Given under my hand and seal the day and year first above written.
The first industry in South Bend was developed in the in the late 1830’s. Some of the first factories were glass factories, but their product was so poor in quality, the companies did not last. However, in the middle of the 1840’s, industry began to grow around the South Bend area, especially along the St. Joseph River. The early industries were located on two races (or man-made canals), one on each side of the St. Joseph River in downtown South Bend. The race on the east side was known as the East Race and it covered an area bounded by the St. Joseph River, Niles Avenue, Madison Street, and Corby Street. The race on the west side of the river was known as the West Race and runs next to the South Bend Century Center. The industries harnessed waterpower for their production needs. Many of the major industries started on one of the two races before relocated to other locations after the development of electric power.12
In 1846 another village was platted and added to St. Joseph County. The town of Lowell, Indiana was formed and covered the area between Washington Street to just north of Cedar Street; the river to just east of Hill Street. The founders of Lowell hoped to capture the success of industry of its namesake, Lowell, Massachusetts. However, in 1867 South Bend annexed the town of Lowell and it ceased to exist.

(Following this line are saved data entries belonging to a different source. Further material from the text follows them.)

lemma deep_commuting_edge_not_enhanced_power:
  assumes "finite_p_group H p"
    and x: "x \<in> center_of H" "H.ord x = p" and y: "y \<in> carrier H" "y \<noteq> \<one>\<^bsub>H\<^esub>"
    and x_notin: "x \<notin> generate H {y}"
    and y_special: "y \<in> derived H (carrier H) \<or> (\<exists>g \<in> carrier H. y = g [^]\<^bsub>H\<^esub> p)"
  shows "{x, y} \<in> deep_commuting_edges G H h - enhanced_power_edges H"
proof -
  interpret Hp: finite_p_group H p by fact
  have xc: "x \<in> carrier H" using x(1) H.center_of_closed by blast
  have "x \<noteq> y" using x_notin generate.incl[of y "{y}" H] by auto
  moreover have "lifts_commute x y"
    using y_special lifts_commute_of_derived[OF x(1)] lifts_commute_of_nat_pow[OF x(1)] x(2) xc by auto
  moreover have "\<not> cyclic_group (subgroup_generated H {x', y'})" if "{x', y'} = {x, y}" for x' y'
    using Hp.not_cyclic_pair[OF xc x(2) y x_notin] that by simp
  ultimately show ?thesis
    unfolding deep_commuting_edges_eq enhanced_power_edges_def using xc y(1) by blast
qed

end

theorem proposition3p14:
  fixes G :: "('a, 'b) monoid_scheme" and p :: nat
    and Gt :: "('c, 'd) monoid_scheme" and \<pi> :: "'c \<Rightarrow> 'a"
  assumes "p_group p G"
    and "\<not> cyclic_group G"
    and "\<not> has_gen_quaternion_subgroup G"
    and "\<not> cyclic_group (subgroup_generated G (derived G (carrier G)))
         \<or> (\<exists>g \<in> carrier G. group.ord G g > p \<and>
              generate G {g} \<inter> derived G (carrier G) = {\<one>\<^bsub>G\<^esub>})"
    and "schur_cover Gt G \<pi>"
  shows "enhanced_power_edges G \<subset> deep_commuting_edges Gt G \<pi>"
proof -
  interpret P: finite_p_group G p using finite_p_group_of_p_group[OF assms(1)] .
  interpret E: central_extension Gt G \<pi> using central_extension_of_schur_cover[OF assms(5)] .
  obtain x y where "x \<in> center_of G" "P.ord x = p" "y \<in> carrier G" "y \<noteq> \<one>\<^bsub>G\<^esub>" "x \<notin> generate G {y}"
    "y \<in> derived G (carrier G) \<or> (\<exists>g \<in> carrier G. y = g [^]\<^bsub>G\<^esub> p)"
    using P.exists_central_noncyclic_pair[OF assms(2,3,4)] by blast
  then have "{x, y} \<in> deep_commuting_edges Gt G \<pi> - enhanced_power_edges G"
    by (rule E.deep_commuting_edge_not_enhanced_power[OF P.finite_p_group_axioms])
  then show ?thesis using E.enhanced_power_edges_subset_deep_commuting_edges by blast
qed
lemma U_0_0: "h > 0 \<Longrightarrow> U 0 0 h = - 2 * uu h"
  by (simp add: U_eq_int_xy_dx int_xy_dx_0_0 arcAD_endpoints)

definition UV_combination ::
    "real poly \<Rightarrow> real poly \<Rightarrow> real poly \<Rightarrow> real poly \<Rightarrow> real poly \<Rightarrow> real \<Rightarrow> real" where
  "UV_combination \<alpha> \<beta> \<gamma> \<delta> \<phi> h =
     poly \<alpha> h * U 0 0 h + poly \<beta> h * U 0 1 h + poly \<gamma> h * V 0 0 h + poly \<delta> h * V 0 1 h
   + vv h powr (3/2) * poly \<phi> (vv h)"

definition representable :: "nat \<Rightarrow> (real \<Rightarrow> real) \<Rightarrow> bool" where
  "representable m F \<longleftrightarrow> (\<exists>\<alpha> \<beta> \<gamma> \<delta> \<phi>.
     degree \<alpha> \<le> m div 2 \<and> degree \<beta> \<le> (m - 1) div 2 \<and>
     degree \<gamma> \<le> m div 2 \<and> degree \<delta> \<le> (m - 1) div 2 \<and> degree \<phi> \<le> m - 1 \<and>
     (\<forall>h>0. F h = UV_combination \<alpha> \<beta> \<gamma> \<delta> \<phi> h))"

lemma representableI:
  assumes "degree \<alpha> \<le> m div 2" "degree \<beta> \<le> (m - 1) div 2"
    and "degree \<gamma> \<le> m div 2" "degree \<delta> \<le> (m - 1) div 2" "degree \<phi> \<le> m - 1"
    and "\<And>h. h > 0 \<Longrightarrow> F h = UV_combination \<alpha> \<beta> \<gamma> \<delta> \<phi> h"
  shows "representable m F"
  using assms unfolding representable_def by blast

lemma representableE:
  assumes "representable m F"
  obtains \<alpha> \<beta> \<gamma> \<delta> \<phi> where "degree \<alpha> \<le> m div 2" "degree \<beta> \<le> (m - 1) div 2"
    and "degree \<gamma> \<le> m div 2" "degree \<delta> \<le> (m - 1) div 2" "degree \<phi> \<le> m - 1"
    and "\<And>h. h > 0 \<Longrightarrow> F h = UV_combination \<alpha> \<beta> \<gamma> \<delta> \<phi> h"
  using assms unfolding representable_def by blast

lemma representable_cong: "representable m F \<Longrightarrow> (\<And>h. h > 0 \<Longrightarrow> G h = F h) \<Longrightarrow> representable m G"
  unfolding representable_def by metis

lemma representable_zero: "representable m (\<lambda>h. 0)"
  by (rule representableI[where \<alpha>=0 and \<beta>=0 and \<gamma>=0 and \<delta>=0 and \<phi>=0])
     (simp_all add: UV_combination_def)

lemma representable_U_0_1: "representable 1 (U 0 1)"
  by (rule representableI[where \<alpha>=0 and \<beta>="[:1:]" and \<gamma>=0 and \<delta>=0 and \<phi>=0])
     (simp_all add: UV_combination_def)

lemma representable_V_0_1: "representable 1 (V 0 1)"
  by (rule representableI[where \<alpha>=0 and \<beta>=0 and \<gamma>=0 and \<delta>="[:1:]" and \<phi>=0])
     (simp_all add: UV_combination_def)

lemma representable_add:
  assumes "representable m F" "representable m G"
  shows "representable m (\<lambda>h. F h + G h)"
proof -
  obtain \<alpha> \<beta> \<gamma> \<delta> \<phi> where F: "degree \<alpha> \<le> m div 2" "degree \<beta> \<le> (m - 1) div 2"
      "degree \<gamma> \<le> m div 2" "degree \<delta> \<le> (m - 1) div 2" "degree \<phi> \<le> m - 1"
      "\<And>h. h > 0 \<Longrightarrow> F h = UV_combination \<alpha> \<beta> \<gamma> \<delta> \<phi> h"
    using assms(1) by (rule representableE) blast
  obtain \<alpha>' \<beta>' \<gamma>' \<delta>' \<phi>' where G: "degree \<alpha>' \<le> m div 2" "degree \<beta>' \<le> (m - 1) div 2"
      "degree \<gamma>' \<le> m div 2" "degree \<delta>' \<le> (m - 1) div 2" "degree \<phi>' \<le> m - 1"
      "\<And>h. h > 0 \<Longrightarrow> G h = UV_combination \<alpha>' \<beta>' \<gamma>' \<delta>' \<phi>' h"
    using assms(2) by (rule representableE) blast
  show ?thesis
    by (rule representableI[where \<alpha>="\<alpha> + \<alpha>'" and \<beta>="\<beta> + \<beta>'" and \<gamma>="\<gamma> + \<gamma>'"
                                and \<delta>="\<delta> + \<delta>'" and \<phi>="\<phi> + \<phi>'"])
       (use F G in \<open>auto intro: degree_add_le simp: UV_combination_def algebra_simps\<close>)
qed

lemma representable_scale:
  assumes "representable m F"
  shows "representable m (\<lambda>h. c * F h)"
proof -
  obtain \<alpha> \<beta> \<gamma> \<delta> \<phi> where F: "degree \<alpha> \<le> m div 2" "degree \<beta> \<le> (m - 1) div 2"
      "degree \<gamma> \<le> m div 2" "degree \<delta> \<le> (m - 1) div 2" "degree \<phi> \<le> m - 1"
      "\<And>h. h > 0 \<Longrightarrow> F h = UV_combination \<alpha> \<beta> \<gamma> \<delta> \<phi> h"
    using assms by (rule representableE) blast
  show ?thesis
    by (rule representableI[where \<alpha>="smult c \<alpha>" and \<beta>="smult c \<beta>" and \<gamma>="smult c \<gamma>"
                                and \<delta>="smult c \<delta>" and \<phi>="smult c \<phi>"])
       (use F in \<open>auto intro: order_trans[OF degree_smult_le] simp: UV_combination_def algebra_simps\<close>)
qed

The first electric producing plant in South Bend had to be tied to the East and West Race along the St. Joseph River. The partnership of Abraham Harper, William Patterson, and Lathrop Taylor into the South Bend Manufacturing Company brought the first usable dam to the St. Joseph River in 1842. The South Bend Hydraulic Company had ownership of the water proceeding down the East Race. A steam-powered generator was used on the East Race to produce vast quantities of power that lighted and heated most of the city of Mishawaka and South Bend. In 1903 the ownership of the West Race was purchased by James Oliver, founder of the Oliver Chilled Plow Company. The Oliver Chilled Plow Company constructed a power plant on the West Race (which the foundation of the old power plant can still be seen). The power plant was so efficient and powerful that it supplied electricity for light, heat, and power to the Oliver Opera House, Oliver Hotel, factories, and other Oliver properties.13 These power plants remained on the races of the St. Joseph River until the invention of self-contained coal/steam driven generators that allowed companies to move away from the East and West Race.

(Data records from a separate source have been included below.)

(* Let $\alpha>0$, $\beta\ge0$, $h>0$, and $V'(h)>0$. Set $b=\beta/h^2$. For $\theta\in(0,2\pi)$, consider the complex quadratic equation in $z$ $$z^2+z\big(\alpha-b(e^{i\theta}-1)\big)-\alpha V'(h)\,(e^{i\theta}-1)=0 .$$ If $\theta=\pi$, this equation has no purely imaginary root $z\in i\mathbb{R}$. If $\theta\neq\pi$, it has a purely imaginary root if and only if $$V'(h)=\frac{\alpha}{2\cos^2(\theta/2)}+b+2\tan^2(\theta/2)\, b\left(\frac{b}{\alpha}+1\right).$$
   Context: This quadratic is the characteristic equation obtained by substituting Fourier modes $y_n(t)=\exp(i\theta n+zt)$ into the linearization $$\ddot y_n=\alpha\big(V'(h)(y_{n+1}-y_n)-\dot y_n\big)+\frac{\beta}{h^2}(\dot y_{n+1}-\dot y_n)$$ of the single-lane model $$\dot x_n=v_n,\qquad \dot v_n=\alpha(V(x_{n+1}-x_n)-v_n)+\beta\frac{v_{n+1}-v_n}{(x_{n+1}-x_n)^2}$$ around the uniform flow with headway $h$. Here $V$ is a differentiable optimal velocity function. For a ring with $N$ vehicles, the admissible values are $\theta=a_k=2\pi k/N$. *)

theory Defs
  imports Complex_Main
begin

text \<open>Characteristic quadratic of the linearised model at wave number theta,
  with V'(h) = Vp and b = beta / h^2.\<close>
definition char_poly :: "real \<Rightarrow> real \<Rightarrow> real \<Rightarrow> real \<Rightarrow> complex \<Rightarrow> complex" where
  "char_poly \<alpha> b Vp \<theta> z =
     z\<^sup>2 + z * (complex_of_real \<alpha> - complex_of_real b * (cis \<theta> - 1))
       - complex_of_real (\<alpha> * Vp) * (cis \<theta> - 1)"

end

theory Submission
  imports Defs
begin

text \<open>Write \<open>\<theta> = 2x\<close>, \<open>s = sin x\<close>, \<open>c = cos x\<close>, so \<open>1 - cos \<theta> = 2s\<^sup>2\<close> and \<open>sin \<theta> = 2sc\<close>.
  For \<open>z = i\<omega>\<close> the imaginary part of the quadratic is linear in \<open>\<omega>\<close>,
  \<open>\<omega> D = 2\<alpha>V'sc\<close> with \<open>D = \<alpha> + 2bs\<^sup>2 > 0\<close>, so \<omega> is determined; substituting it into the
  real part and clearing \<open>D\<^sup>2\<close> leaves \<open>2\<alpha>V's\<^sup>2 (D\<^sup>2 + 2bc\<^sup>2D - 2\<alpha>V'c\<^sup>2) = 0\<close>.
  As \<open>s \<noteq> 0\<close>, an imaginary root exists iff \<open>2\<alpha>V'c\<^sup>2 = D (D + 2bc\<^sup>2) = D (\<alpha> + 2b)\<close>.
  For \<open>\<theta> = \<pi>\<close> we have \<open>c = 0\<close> and this says \<open>D = 0\<close>, which is impossible; otherwise
  dividing by \<open>2\<alpha>c\<^sup>2\<close> gives the stated formula for \<open>V'\<close>.\<close>

lemma char_poly_imaginary_eq_0_iff:
  "char_poly \<alpha> b Vp \<theta> (\<i> * complex_of_real \<omega>) = 0 \<longleftrightarrow>
     -(\<omega>\<^sup>2) + \<omega> * b * sin \<theta> - \<alpha> * Vp * (cos \<theta> - 1) = 0 \<and>
     \<omega> * (\<alpha> - b * (cos \<theta> - 1)) = \<alpha> * Vp * sin \<theta>"
  unfolding char_poly_def
  by (simp add: complex_eq_iff cis.code power2_eq_square algebra_simps)

lemma char_poly_imaginary_root_iff:
  fixes \<alpha> b Vp x :: real
  defines "D \<equiv> \<alpha> + 2 * b * (sin x)\<^sup>2"
  assumes "D \<noteq> 0" and "\<alpha> * Vp * sin x \<noteq> 0"
  shows "(\<exists>\<omega>::real. char_poly \<alpha> b Vp (2 * x) (\<i> * complex_of_real \<omega>) = 0) \<longleftrightarrow>
           2 * \<alpha> * Vp * (cos x)\<^sup>2 = D * (\<alpha> + 2 * b)"
proof -
  define s c where "s = sin x" and "c = cos x"
  define q where "q = 2 * \<alpha> * Vp * s * c"
  define P where "P \<omega> = -(\<omega>\<^sup>2) + \<omega> * b * (2 * s * c) + 2 * \<alpha> * Vp * s\<^sup>2" for \<omega>
  define E where "E = 2 * \<alpha> * Vp * c\<^sup>2 - D * (D + 2 * b * c\<^sup>2)"
  have "D + 2 * b * c\<^sup>2 = \<alpha> + 2 * b"
    using sin_cos_squared_add [of x] unfolding D_def s_def c_def by algebra
  have root_iff: "char_poly \<alpha> b Vp (2 * x) (\<i> * complex_of_real \<omega>) = 0 \<longleftrightarrow>
      P \<omega> = 0 \<and> \<omega> * D = q" for \<omega>
    unfolding char_poly_imaginary_eq_0_iff sin_double cos_double_sin D_def s_def c_def P_def q_def
    by (auto simp: algebra_simps)
  have real_part_iff: "P \<omega> = 0 \<longleftrightarrow> E = 0" if "\<omega> * D = q" for \<omega>
  proof -
    have "D\<^sup>2 * P \<omega> = -((\<omega> * D)\<^sup>2) + (\<omega> * D) * b * (2 * s * c) * D + 2 * \<alpha> * Vp * s\<^sup>2 * D\<^sup>2"
      by (simp add: P_def algebra_simps power2_eq_square)
    also have "\<dots> = - 2 * \<alpha> * Vp * s\<^sup>2 * E"
      using that by (simp add: q_def E_def algebra_simps power2_eq_square)
    finally have "D\<^sup>2 * P \<omega> = - 2 * \<alpha> * Vp * s\<^sup>2 * E" .
    moreover have "- 2 * \<alpha> * Vp * s\<^sup>2 \<noteq> 0"
      using assms(3) by (simp add: s_def)
    ultimately show ?thesis
      using \<open>D \<noteq> 0\<close> by (metis mult_eq_0_iff power_not_zero)
  qed
  have "(\<exists>\<omega>. P \<omega> = 0 \<and> \<omega> * D = q) \<longleftrightarrow> E = 0"
  proof
    show "E = 0 \<Longrightarrow> \<exists>\<omega>. P \<omega> = 0 \<and> \<omega> * D = q"
      using real_part_iff [of "q / D"] \<open>D \<noteq> 0\<close> by auto
  qed (use real_part_iff in blast)
  with \<open>D + 2 * b * c\<^sup>2 = \<alpha> + 2 * b\<close> show ?thesis
    by (simp add: root_iff E_def s_def c_def)
qed

lemma critical_speed_iff:
  fixes \<alpha> b Vp x :: real
  assumes "\<alpha> \<noteq> 0" and "cos x \<noteq> 0"
  shows "Vp = \<alpha> / (2 * (cos x)\<^sup>2) + b + 2 * (tan x)\<^sup>2 * b * (b / \<alpha> + 1) \<longleftrightarrow>
           2 * \<alpha> * Vp * (cos x)\<^sup>2 = (\<alpha> + 2 * b * (sin x)\<^sup>2) * (\<alpha> + 2 * b)"
proof -
  have "\<alpha> / (2 * (cos x)\<^sup>2) + b + 2 * (tan x)\<^sup>2 * b * (b / \<alpha> + 1)
      = (\<alpha>\<^sup>2 + 2 * b * \<alpha> * (cos x)\<^sup>2 + 4 * (sin x)\<^sup>2 * b * (b + \<alpha>)) / (2 * \<alpha> * (cos x)\<^sup>2)"
    using assms by (simp add: tan_def power_divide field_simps power2_eq_square)
  also have "\<dots> = (\<alpha> + 2 * b * (sin x)\<^sup>2) * (\<alpha> + 2 * b) / (2 * \<alpha> * (cos x)\<^sup>2)"
    using sin_cos_squared_add [of x] by algebra
  finally have formula_eq: "\<alpha> / (2 * (cos x)\<^sup>2) + b + 2 * (tan x)\<^sup>2 * b * (b / \<alpha> + 1)
      = (\<alpha> + 2 * b * (sin x)\<^sup>2) * (\<alpha> + 2 * b) / (2 * \<alpha> * (cos x)\<^sup>2)" .
  show ?thesis
    unfolding formula_eq using assms by (simp add: eq_divide_eq mult_ac)
qed

lemma cos_half_eq_0_iff:
  assumes "\<theta> \<in> {0<..<2 * pi}"
  shows "cos (\<theta> / 2) = 0 \<longleftrightarrow> \<theta> = pi"
  using assms cos_inj_pi [of "\<theta> / 2" "pi / 2"] by auto

theorem mainTheorem2:
  fixes V :: "real \<Rightarrow> real" and \<alpha> \<beta> h \<theta> Vp :: real
  assumes "\<alpha> > 0" and "\<beta> \<ge> 0" and "h > 0"
    and "(V has_real_derivative Vp) (at h)" and "Vp > 0"
    and "\<theta> \<in> {0<..<2 * pi}"
  defines "b \<equiv> \<beta> / h\<^sup>2"
  shows "(\<theta> = pi \<longrightarrow> \<not> (\<exists>\<omega>::real. char_poly \<alpha> b Vp \<theta> (\<i> * complex_of_real \<omega>) = 0))
       \<and> (\<theta> \<noteq> pi \<longrightarrow>
           ((\<exists>\<omega>::real. char_poly \<alpha> b Vp \<theta> (\<i> * complex_of_real \<omega>) = 0)
            \<longleftrightarrow> Vp = \<alpha> / (2 * (cos (\<theta> / 2))\<^sup>2) + b
                             + 2 * (tan (\<theta> / 2))\<^sup>2 * b * (b / \<alpha> + 1)))"
proof -
  define x where "x = \<theta> / 2"
  have \<theta>: "\<theta> = 2 * x"
    by (simp add: x_def)
  have "b \<ge> 0"
    using assms(2) by (simp add: b_def)
  then have D_pos: "\<alpha> + 2 * b * (sin x)\<^sup>2 > 0"
    using assms(1) by (simp add: add_pos_nonneg)
  have "sin x > 0"
    using assms(6) by (simp add: x_def sin_gt_zero)
  then have "\<alpha> * Vp * sin x \<noteq> 0"
    using assms(1,5) by simp
  then have root_iff: "(\<exists>\<omega>::real. char_poly \<alpha> b Vp \<theta> (\<i> * complex_of_real \<omega>) = 0) \<longleftrightarrow>
      2 * \<alpha> * Vp * (cos x)\<^sup>2 = (\<alpha> + 2 * b * (sin x)\<^sup>2) * (\<alpha> + 2 * b)"
    unfolding \<theta> using char_poly_imaginary_root_iff D_pos by simp
  show ?thesis
    unfolding x_def [symmetric]
  proof (intro conjI impI)
    assume "\<theta> = pi"
    then have "cos x = 0"
      using cos_half_eq_0_iff [OF assms(6)] by (simp add: x_def)
    then show "\<not> (\<exists>\<omega>::real. char_poly \<alpha> b Vp \<theta> (\<i> * complex_of_real \<omega>) = 0)"
      using root_iff D_pos \<open>b \<ge> 0\<close> assms(1) by simp
  next
    assume "\<theta> \<noteq> pi"
    then have "cos x \<noteq> 0"
      using cos_half_eq_0_iff [OF assms(6)] by (simp add: x_def)
    then show "(\<exists>\<omega>::real. char_poly \<alpha> b Vp \<theta> (\<i> * complex_of_real \<omega>) = 0) \<longleftrightarrow>
        Vp = \<alpha> / (2 * (cos x)\<^sup>2) + b + 2 * (tan x)\<^sup>2 * b * (b / \<alpha> + 1)"
      using root_iff critical_speed_iff assms(1) by simp
  qed
qed

end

The first locomotive to reach Mishawaka and South Bend roared into town the evening of October 4, 1851, when the locomotive, John Stryker, came puffing into the stations to a grand collection of local citizens clapping and cheering.14 The South Bend Street Railway Company was formed in 1873 to investigate the feasibility of electric streetcars being constructed in South Bend. In 1882 the first overhead or trolley system was attempted-the first time electrified streetcars were put into service anywhere in the world. However, the cars could only travel part of a city block because of the deterioration of electric current over a long expanse of wire (before electric transformers were used). In the latter part of 1882, after the electricity problem was solved, another streetcar company constructed an electric streetcar line from South Bend to Mishawaka (a distance of four miles) that was a successful enterprise.15
The first telegraph line strung through northern Indiana was completed in 1847. However, because investors were slow to devote money to this endeavor, it was 1848 before South Bend was in communication with the whole country. The telegraph line was constructed between Buffalo, New York and Milwaukee, Wisconsin.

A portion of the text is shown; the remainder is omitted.